Это может продолжаться бесконечно долго, думает он. Он думает: ведь если игнорировать проблему, она может уйти сама по себе.
И она бы ушла.
Если бы однажды Каллен не обнаружил себя, волочащего Дориана буквально за шкирку в полумрак каменного коридора, ведущего к складским помещениям и внутренней лестнице к Восточной Стене. Здесь тихо, из открытого окна слышны лишь удары железа о железо — на эту сторону выходит тренировочная площадка. Дориан почему-то молчит, хотя Каллен изо всех сил старается хорошенько встряхнуть его, пока целенаправленно тащит вперёд и пока не сворачивает на лестницу вверх, к патрульным постам. Он швыряет запыхавшегося Павуса спиной в стену. Тот морщится, видимо, ещё не все кости залечила магия.

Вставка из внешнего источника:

lemma facet_separating_outside_point:
  fixes N :: "'a::euclidean_space set"
  assumes "finite N" and C: "C = {u. \<forall>w\<in>N. 0 \<le> w \<bullet> u}" and aff: "affine hull C = UNIV"
    and "u \<notin> C"
  obtains w where "w \<in> N" "w \<bullet> u < 0" "(C \<inter> {x. w \<bullet> x = 0}) facet_of C"
proof -
  define hs where "hs w = {x. - w \<bullet> x \<le> 0}" for w :: 'a
  define P where "P F \<longleftrightarrow> F \<subseteq> hs ` (N - {0}) \<and> \<Inter>F = C" for F
  have "\<Inter>(hs ` (N - {0})) = C"
  proof (intro set_eqI iffI)
    fix u assume u: "u \<in> \<Inter>(hs ` (N - {0}))"
    have "0 \<le> w \<bullet> u" if "w \<in> N" for w
    proof (cases "w = 0")
      case False
      then have "hs w \<in> hs ` (N - {0})" using that by simp
      then have "u \<in> hs w" using u by (rule InterD[rotated])
      then show ?thesis by (simp add: hs_def)
    qed simp
    then show "u \<in> C" by (simp add: C)
  next
    fix u assume "u \<in> C"
    then show "u \<in> \<Inter>(hs ` (N - {0}))" by (simp add: C hs_def)
  qed
  then have "P (hs ` (N - {0}))" by (simp add: P_def)
  from ex_has_least_nat[of P, OF this, of card]
  obtain F where "P F \<and> (\<forall>F'. P F' \<longrightarrow> card F \<le> card F')" ..
  then have PF: "P F" and minF: "\<forall>F'. P F' \<longrightarrow> card F \<le> card F'" by simp_all
  have CF: "\<Inter>F = C" using PF by (simp add: P_def)
  have "finite (hs ` (N - {0}))" using \<open>finite N\<close> by simp
  then have finF: "finite F" using PF by (auto simp: P_def intro: finite_subset)
  have "\<forall>H\<in>F. \<exists>w. w \<in> N - {0} \<and> hs w = H" using PF by (auto simp: P_def)
  then obtain nv where nvN: "\<And>H. H \<in> F \<Longrightarrow> nv H \<in> N - {0}"
    and nvH: "\<And>H. H \<in> F \<Longrightarrow> hs (nv H) = H"
    by metis
  have faceq: "- nv H \<noteq> 0 \<and> H = {x. - nv H \<bullet> x \<le> 0}" if "H \<in> F" for H
    using nvN[OF that] nvH[OF that] by (auto simp: hs_def)
  \<comment> \<open>minimality of F makes every member of F irredundant, so each one cuts out a facet\<close>
  have psub: "C \<subset> affine hull C \<inter> \<Inter>F'" if "F' \<subset> F" for F'
  proof -
    have "\<Inter>F' \<noteq> C"
    proof
      assume "\<Inter>F' = C"
      then have "P F'" using that PF by (auto simp: P_def)
      then have "card F \<le> card F'" using minF by blast
      moreover have "card F' < card F" using that finF by (rule psubset_card_mono[rotated])
      ultimately show False by simp
    qed
    moreover have "C \<subseteq> \<Inter>F'" using that CF by blast
    ultimately show ?thesis using aff by auto
  qed
  have "C = affine hull C \<inter> \<Inter>F" by (simp add: aff CF)
  note facet_iff = facet_of_polyhedron_explicit[OF finF this faceq psub]
  have facet: "(C \<inter> {x. - nv H \<bullet> x = 0}) facet_of C" if "H \<in> F" for H
    using that by (intro facet_iff[THEN iffD2] exI[of _ H] conjI refl)
  obtain H where H: "H \<in> F" "u \<notin> H" using \<open>u \<notin> C\<close> CF by blast
  show ?thesis
  proof (rule that)
    show "nv H \<in> N" using nvN[OF H(1)] by simp
    have "u \<notin> hs (nv H)" using H(2) by (simp add: nvH[OF H(1)])
    then show "nv H \<bullet> u < 0" by (simp add: hs_def)
    have "{x. - nv H \<bullet> x = 0} = {x. nv H \<bullet> x = 0}" by simp
    then show "(C \<inter> {x. nv H \<bullet> x = 0}) facet_of C" using facet[OF H(1)] by simp
  qed
qed

lemma primitive_vec_multiple:
  fixes v :: "int^'d"
  assumes "v \<noteq> 0"
  obtains g and k :: int where "primitive_vec g" "0 < k" "v = k *s g"
proof -
  define k where "k = Gcd (range (\<lambda>j. v $ j))"
  have "k \<noteq> 0" unfolding k_def using assms by (auto simp: vec_eq_iff)
  then have k0: "0 < k" by (simp add: k_def order_le_neq_trans)
  define g where "g = (\<chi> j. v $ j div k)"
  have vg: "v $ j = k * g $ j" for j
    unfolding g_def k_def by (simp add: Gcd_dvd)
  have "l dvd 1" if l: "\<forall>j. l dvd g $ j" for l
  proof -
    have "l * k dvd v $ j" for j using l vg by (simp add: mult.commute mult_dvd_mono)
    then have "l * k dvd Gcd (range (\<lambda>j. v $ j))" by (auto intro: Gcd_greatest)
    then have "l * k dvd 1 * k" by (simp add: k_def)
    then show "l dvd 1" using \<open>k \<noteq> 0\<close> by (subst (asm) dvd_mult_cancel_right) simp
  qed
  moreover have "g \<noteq> 0" using assms vg by (auto simp: vec_eq_iff)
  ultimately show ?thesis
    using that k0 vg unfolding primitive_vec_def by (auto simp: vec_eq_iff)
qed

Каллен не понимает, как это началось.
Вот он тренирует новобранцев, а потом вдруг чувствует направленный взгляд, от которого волосы на загривке шевелятся. Он почти пропускает удар, выбивает меч из рук молодого лейтенанта и резко оборачивается, вперившись в стоящего на другой стороне полигона под каменным балконом Дориана. Тот опирается спиной о стену у дверного проёма, смотрит прямо на него, и если бы в этом взгляде был хотя бы намёк на насмешку, Каллен бы просто отвернулся.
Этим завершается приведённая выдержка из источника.